Minor 7th (works as ii):

  • add 9
  • add 11 and/or 13 above the 9th for extra dissonance

Minor triad (works as i):

  • add 6 and 9
  • add M7
  • add 9 and/or 13 above for extra dissonance.


  • add 9 and/or 13

Dominant 7th (works as V7):

  • add 9 and possibly 13
  • add b9 and possibly b13
  • add #11 to either of the above for extra dissonance.

Diminished 7th:

  • may add the note a whole step above any chord tone.
  • diminished chord extensions do not usually receive numbers

Half Diminished 7th:

  • add M9
  • add 11
  • add M13 for extra dissonance.

If you are talking about improvisation, every jazz musician must get to know how to get the phrases. Everybody is different.

You should know what jazz types are you. Swing, ska, blues-jazz, fusion, rock-jazz, etc, you can choose more than one, so it'll make you unique. Then you choose your favorite artists. Perhaps if you chose blues-jazz, you can pick Jimi Hendrix for blues and Count Basie for jazz, you can combine that two into you. Try to cover their songs, try to cover Jimi Hendrix's song in Count Basie's style maybe.

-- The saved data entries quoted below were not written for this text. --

(* Let $X$ and $Y$ be topological spaces that are $T_1$ and regular, let $X$ be submetrizable, and let $f\colon X \to Y$ be a continuous surjective map which is closed and sequence-covering. Then $f$ is 1-sequence-covering.
   Context: A topological space $\langle X,\tau_X\rangle$ is submetrizable if there is a metrizable topology $\sigma$ on $X$ with $\sigma\subseteq\tau_X$ (equivalently, $X$ admits a continuous one-to-one map onto a metrizable space). A map is closed if images of closed sets are closed. For a space $Z$ and $z\in Z$, let $\mathsf{ConvSeq}(Z,z)$ denote the set of non-trivial (i.e. not eventually constant) sequences in $Z$ converging to $z$, and $\mathsf{ConvSeq}(Z)=\bigcup_{z\in Z}\mathsf{ConvSeq}(Z,z)$. For sequences $q=\langle q(n)\rangle_{n\in\omega}$ in $X$ and $p=\langle p(n)\rangle_{n\in\omega}$ in $Y$, say $q$ covers $p$ if $f(q(n))=p(n)$ for all $n\in\omega$. The map $f$ is sequence-covering if for every $p\in\mathsf{ConvSeq}(Y)$ there is $q\in\mathsf{ConvSeq}(X)$ covering $p$. The map $f$ is 1-sequence-covering if for every $y\in Y$ there is $x\in f^{-1}(y)$ such that for every $p\in\mathsf{ConvSeq}(Y,y)$ there is $q\in\mathsf{ConvSeq}(X,x)$ covering $p$. *)

theory Defs
  imports "HOL-Analysis.Analysis"
begin

definition submetrizable :: "'a topology \<Rightarrow> bool" where
  "submetrizable X \<longleftrightarrow>
     (\<exists>S :: 'a topology. topspace S = topspace X \<and> metrizable_space S \<and>
        (\<forall>U. openin S U \<longrightarrow> openin X U))"

definition ConvSeq_at :: "'a topology \<Rightarrow> 'a \<Rightarrow> (nat \<Rightarrow> 'a) set" where
  "ConvSeq_at Z z = {q. (\<forall>n. q n \<in> topspace Z) \<and> limitin Z q z sequentially \<and>
                        \<not> (\<exists>c. eventually (\<lambda>n. q n = c) sequentially)}"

I'm a rock-jazz guitarist, sometimes I do bend my string, shred, sweep-picking in my acoustic guitar while playing jazz. You can try that.

About how you improvise, you can remember one of your favorite artist's licks, you may insert that lick on another song that you're playing with. Jazz improvise/phrases is about the player's mood, taste, time, articulation (if the players shred, he/she won't stop talking in real life). You can be different at day and night. Maybe at night, you're calm, smooth, but at the day, you're shredding all the time. Instead of shredding all the time, a guitarist that I don't remember said: "Improvisation is just like speaking, you need to breath, you need to put your emotion in your instrument.".

Maybe that's enough to answer this and inspire you.


Reharmonization of the chord progression so as to provide different target tones for your improvisation. That's what it boils down to. I recommend you learn reharmonization techniques.